General Discussion
Related: Editorials & Other Articles, Issue Forums, Alliance Forums, Region ForumsWe Are In The Post-Industrial Economy
Since labor and middle class income is shrinking, there has not been enough spending to trigger growth in our consumption oriented economy. So the only other macro economic answer is to offset this weakness with increases in capital spending on buildings, equipment, R & D, and new products. But this isnt happening.
The big companies will argue that they wont make these capital investments because consumption is not high enough. Yet, the middle class cant buy more because of falling incomes. So the economy continues to limp along with low growth.
President Obama created the Council on Jobs and Competitiveness in 2011 with the goal of creating 1 million manufacturing jobs. He appointed General Electrics Chief Executive, Jeff Immelt as the councils chairman. This was a big surprise to me because General Electric had been one of the biggest exporters of jobs they reduced their total manufacturing jobs in the U.S. from 125,000 to 50,000 people from year 2000 to 2010.
marions ghost
(19,841 posts)you can see the big turning point right at Booshcheney.
Hoarding instead of investing in the country, while manufacturing output climbs in spite of massive job loss.
They know the figures and they like them.
chervilant
(8,267 posts)So the economy continues to limp along with low growth.
Our economy has been "limping along" for years, now. The "recovery" bone gets thrown out when the corporate megalomaniacs think the Hoi Polloi needs its rainbow unicorn fix.
We sheeple need to get a clue. Our current economy is little more than a wealth generator for the uber wealthy.
seabeckind
(1,957 posts)we are in that era?
Nonsense.
We still need the production of goods. Corporations moved that production where they could reduce their costs and thereby increase their profits.
Corporations found it was more advantageous for their bottom line to buy a competing technology and eliminate it rather than retooling. Having a big bunch of capital and being able to increase their net worth at the same time was gravy.

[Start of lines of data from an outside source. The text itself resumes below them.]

(* Let $q$ be a prime power, $2\le k\le n$, and let $\mathcal{C}\subseteq\mathbb{F}_q^n$ be a linear code of dimension $k$ and minimum Hamming distance $d$. Then $$\mathbb{E}[\mathcal{C}] = n(H_n - H_{d-1}) - \sum_{s=k}^{n-d}\frac{\alpha(\mathcal{C},s)}{\binom{n-1}{s}}.$$
   Context: $H_m=\sum_{i=1}^m 1/i$, with $H_0=0$. $\mathbb{E}[\mathcal{C}]$ is $\mathbb{E}[G]$ for any generator matrix $G\in\mathbb{F}_q^{k\times n}$ of $\mathcal{C}$, the expected number of draws when columns of $G$ are drawn independently and uniformly at random from its $n$ columns (with repetition) until the drawn columns span $\mathbb{F}_q^k$. Writing $g_j$ for the $j$-th column of a generator matrix, $\alpha(\mathcal{C},s)=|\{S\subseteq\{1,\dots,n\}: |S|=s,\ \langle g_j:j\in S\rangle=\mathbb{F}_q^k\}|$, the number of information sets of $\mathcal{C}$ of size $s$. *)

theory Defs
  imports "HOL-Analysis.Analysis" "HOL-Library.FuncSet"
begin

text \<open>A k x n matrix over a finite field is a function G :: nat => nat => 'a,
  entry G i j for i < k, j < n. Column j is the vector (\<lambda>i. G i j) in F_q^k.\<close>

definition cols_span :: "nat \<Rightarrow> (nat \<Rightarrow> nat \<Rightarrow> 'a::field) \<Rightarrow> nat set \<Rightarrow> bool" where
  "cols_span k G S \<longleftrightarrow>
     (\<forall>v :: nat \<Rightarrow> 'a. \<exists>c :: nat \<Rightarrow> 'a. \<forall>i<k. v i = (\<Sum>j\<in>S. c j * G i j))"

definition rows_indep :: "nat \<Rightarrow> nat \<Rightarrow> (nat \<Rightarrow> nat \<Rightarrow> 'a::field) \<Rightarrow> bool" where
  "rows_indep k n G \<longleftrightarrow>
     (\<forall>c :: nat \<Rightarrow> 'a. (\<forall>j<n. (\<Sum>i<k. c i * G i j) = 0) \<longrightarrow> (\<forall>i<k. c i = 0))"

Using that capital to invest in money than their own core business was more profitable. I can't remember the term for leveraging worth. Vampire raiders, like Bain, extended this for the corporations that didn't do it on their own or didn't have enough capital to do it.
What all these things, and a few more, did was to turn what once was a tremendous storehouse of basic worth and turn it into a conglomeration of empty husks.
GE reduced their manufacturing jobs in the US because it benefitted them, not because they weren't needed. Another BS economic paper to convince us that our jobs are gone forever and keep us from drawing the proper conclusion -- that the corporate-based capitalism model needs to be rebuilt.
KurtNYC
(14,549 posts)Buying the same good over and over. Disposable electronics, refrigerators, lawn mowers, cars, clothing, plastic crap is a treadmill. Right now we are headed toward a future where most people own nothing at all. Your whole life could be a EULA -- you pay for the right to use stuff but never really own it.
They measure wealth in terms of how many disposable goods we buy but the very fact that the goods are disposable means they aren't wealth.
Real wealth for the average person would be the ability to grow your food and medicines and ANYTHING (tools, clothing, housing, transportation) which lasts long enough to be handed down to the next generation.
jwirr
(39,215 posts)since raygunomics started sending out jobs overseas. This is really damning of the raygun policies.